- _WHAT TO WORK ON_:
Each line containing the string "unfolding" should be copied out of the entries.

--------

lemma polygonal_lambert_nth:
  assumes m: "m \<ge> 3" and n: "n \<ge> 1"
  shows "(polygonal_lambert m n :: real fps) $ n = real (sigma' m n)"
proof -
  let ?D = "\<lambda>c. {d. d dvd n \<and> d mod m = c}"
  let ?sum = "\<lambda>f. \<Sum>i=1..n. if f i dvd n then real (f i) else 0"
  have fin: "finite (?D c)" for c
    using n by (auto intro: finite_subset[OF _ finite_divisors_nat])
  have "{d. d dvd n \<and> (d mod m = 0 \<or> d mod m = 1 \<or> d mod m = m - 1)} = ?D 0 \<union> ?D (m - 1) \<union> ?D 1"
    by auto
  moreover have "?D 0 \<inter> ?D (m - 1) = {}" "(?D 0 \<union> ?D (m - 1)) \<inter> ?D 1 = {}"
    using m by auto
  ultimately have "real (sigma' m n) = (\<Sum>d\<in>?D 0. real d) + (\<Sum>d\<in>?D (m - 1). real d) + (\<Sum>d\<in>?D 1. real d)"
    unfolding sigma'_def of_nat_sum by (simp add: sum.union_disjoint fin)
  also have "\<dots> = ?sum (\<lambda>i. m * i) + ?sum (\<lambda>i. m * i - 1) + ?sum (\<lambda>i. m * i - m + 1)"
  proof -
    have mult_pred: "m * i = m * (i - 1) + m" if "1 \<le> i" for i
      using that by (cases i) auto
    have "?sum (\<lambda>i. m * i) = (\<Sum>d\<in>?D (m mod m). real d)"
      by (rule sum_divisors_in_progression) (use m n mult_pred in auto)
    moreover have "?sum (\<lambda>i. m * i - 1) = (\<Sum>d\<in>?D ((m - 1) mod m). real d)"
      by (rule sum_divisors_in_progression) (use m n mult_pred in auto)
    moreover have "?sum (\<lambda>i. m * i - m + 1) = (\<Sum>d\<in>?D (1 mod m). real d)"
      by (rule sum_divisors_in_progression) (use m n mult_pred in auto)
    ultimately show ?thesis using m by simp
  qed
  also have "\<dots> = (polygonal_lambert m n :: real fps) $ n"
  proof -
    have "(\<Sum>i=1..n. multiples_fps (f i) :: real fps) $ n = ?sum f" for f
      using n by (simp add: fps_sum_nth multiples_fps_nth)
    then show ?thesis unfolding polygonal_lambert_def by (simp only: fps_add_nth)
  qed
  finally show ?thesis by simp
qed

theorem corollary3p1:
  fixes n m :: nat
  assumes "n \<ge> 1" and "m \<ge> 3"
  shows "real (sigma' m n) =
    1 / fact (n - 1) * (\<Sum>k=1..n. (-1) ^ k * fact (k - 1) *
       partial_bell n k (\<lambda>i. fact i * real_of_int (e_coef (m + 2) i)))"
proof -
  define P :: "real fps" where "P = polygonal_prod m n"
  have P_nth: "P $ i = of_int (e_coef (m + 2) i)" if "i \<le> n" for i
    unfolding P_def using assms(2) that by (rule polygonal_prod_nth)
  then have P0: "P $ 0 = 1" by (simp add: e_coef_def)
  have "fps_X * fps_deriv P = - (P * polygonal_lambert m n)"
    unfolding P_def using assms(2) by (intro fps_X_deriv_polygonal_prod) simp
  then have "real n * (fps_ln 1 oo (P - 1)) $ n = - polygonal_lambert m n $ n"
    by (rule fps_ln_compose_nth_eq_logderiv[OF P0 _ assms(1)])
  moreover have "polygonal_lambert m n $ n = real (sigma' m n)"
    using assms(2,1) by (rule polygonal_lambert_nth)
  ultimately have "real (sigma' m n) = - real n * (fps_ln 1 oo (P - 1)) $ n" by simp
  also have "\<dots> = 1 / fact (n - 1) *
      (\<Sum>k=1..n. (-1) ^ k * fact (k - 1) * partial_bell n k (\<lambda>i. fact i * (P - 1) $ i))"
    using P0 assms(1) by (intro fps_ln_compose_nth_eq_partial_bell) auto
  also have "\<dots> = 1 / fact (n - 1) * (\<Sum>k=1..n. (-1) ^ k * fact (k - 1) *
       partial_bell n k (\<lambda>i. fact i * real_of_int (e_coef (m + 2) i)))"
    using P_nth by (auto intro!: sum.cong partial_bell_cong)
  finally show ?thesis .
qed

end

--------

- _RESULT OF THE EXERCISE_:
    unfolding sigma'_def of_nat_sum by (simp add: sum.union_disjoint fin)
    then show ?thesis unfolding polygonal_lambert_def by (simp only: fps_add_nth)
    unfolding P_def using assms(2) that by (rule polygonal_prod_nth)
    unfolding P_def using assms(2) by (intro fps_X_deriv_polygonal_prod) simp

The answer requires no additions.